Show every line of the data that includes the word "swap".

(Stored items)
********

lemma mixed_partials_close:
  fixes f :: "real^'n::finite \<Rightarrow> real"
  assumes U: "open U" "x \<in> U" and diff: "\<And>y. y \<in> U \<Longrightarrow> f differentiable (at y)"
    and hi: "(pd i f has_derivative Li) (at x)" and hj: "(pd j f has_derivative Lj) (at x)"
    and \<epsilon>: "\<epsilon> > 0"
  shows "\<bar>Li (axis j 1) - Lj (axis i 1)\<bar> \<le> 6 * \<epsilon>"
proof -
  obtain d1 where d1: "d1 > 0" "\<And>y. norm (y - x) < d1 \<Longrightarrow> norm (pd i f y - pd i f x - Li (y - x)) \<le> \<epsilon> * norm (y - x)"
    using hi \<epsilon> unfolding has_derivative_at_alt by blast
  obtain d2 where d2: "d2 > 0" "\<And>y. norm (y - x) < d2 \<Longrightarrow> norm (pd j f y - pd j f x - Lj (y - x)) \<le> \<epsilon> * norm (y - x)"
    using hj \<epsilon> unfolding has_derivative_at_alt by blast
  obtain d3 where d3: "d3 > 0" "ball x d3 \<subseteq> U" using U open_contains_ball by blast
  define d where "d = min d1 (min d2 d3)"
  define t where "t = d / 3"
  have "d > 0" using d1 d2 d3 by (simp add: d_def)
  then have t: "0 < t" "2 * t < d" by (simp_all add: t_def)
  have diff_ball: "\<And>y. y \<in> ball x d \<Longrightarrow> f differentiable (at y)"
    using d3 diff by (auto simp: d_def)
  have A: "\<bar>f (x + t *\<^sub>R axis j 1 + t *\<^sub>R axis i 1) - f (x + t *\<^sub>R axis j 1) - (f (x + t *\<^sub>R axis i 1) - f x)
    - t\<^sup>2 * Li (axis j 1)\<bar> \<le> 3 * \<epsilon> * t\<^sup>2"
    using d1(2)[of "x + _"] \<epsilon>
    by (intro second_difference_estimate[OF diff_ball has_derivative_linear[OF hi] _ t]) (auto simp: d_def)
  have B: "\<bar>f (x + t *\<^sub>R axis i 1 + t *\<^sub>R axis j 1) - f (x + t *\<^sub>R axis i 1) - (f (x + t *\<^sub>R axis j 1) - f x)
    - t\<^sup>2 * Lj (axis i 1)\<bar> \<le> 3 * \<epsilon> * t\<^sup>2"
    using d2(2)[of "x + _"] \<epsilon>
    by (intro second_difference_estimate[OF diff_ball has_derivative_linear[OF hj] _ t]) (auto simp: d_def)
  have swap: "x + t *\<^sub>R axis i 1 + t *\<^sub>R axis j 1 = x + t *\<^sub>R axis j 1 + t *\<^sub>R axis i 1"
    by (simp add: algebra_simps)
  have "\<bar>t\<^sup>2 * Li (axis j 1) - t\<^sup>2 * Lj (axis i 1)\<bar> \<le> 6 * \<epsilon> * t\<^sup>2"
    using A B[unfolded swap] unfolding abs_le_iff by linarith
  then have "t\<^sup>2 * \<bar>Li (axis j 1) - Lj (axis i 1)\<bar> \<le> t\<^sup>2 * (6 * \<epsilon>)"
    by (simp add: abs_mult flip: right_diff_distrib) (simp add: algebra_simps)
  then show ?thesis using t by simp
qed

********

- _EXERCISE RESPONSE_
  have swap: "x + t *\<^sub>R axis i 1 + t *\<^sub>R axis j 1 = x + t *\<^sub>R axis j 1 + t *\<^sub>R axis i 1"
    using A B[unfolded swap] unfolding abs_le_iff by linarith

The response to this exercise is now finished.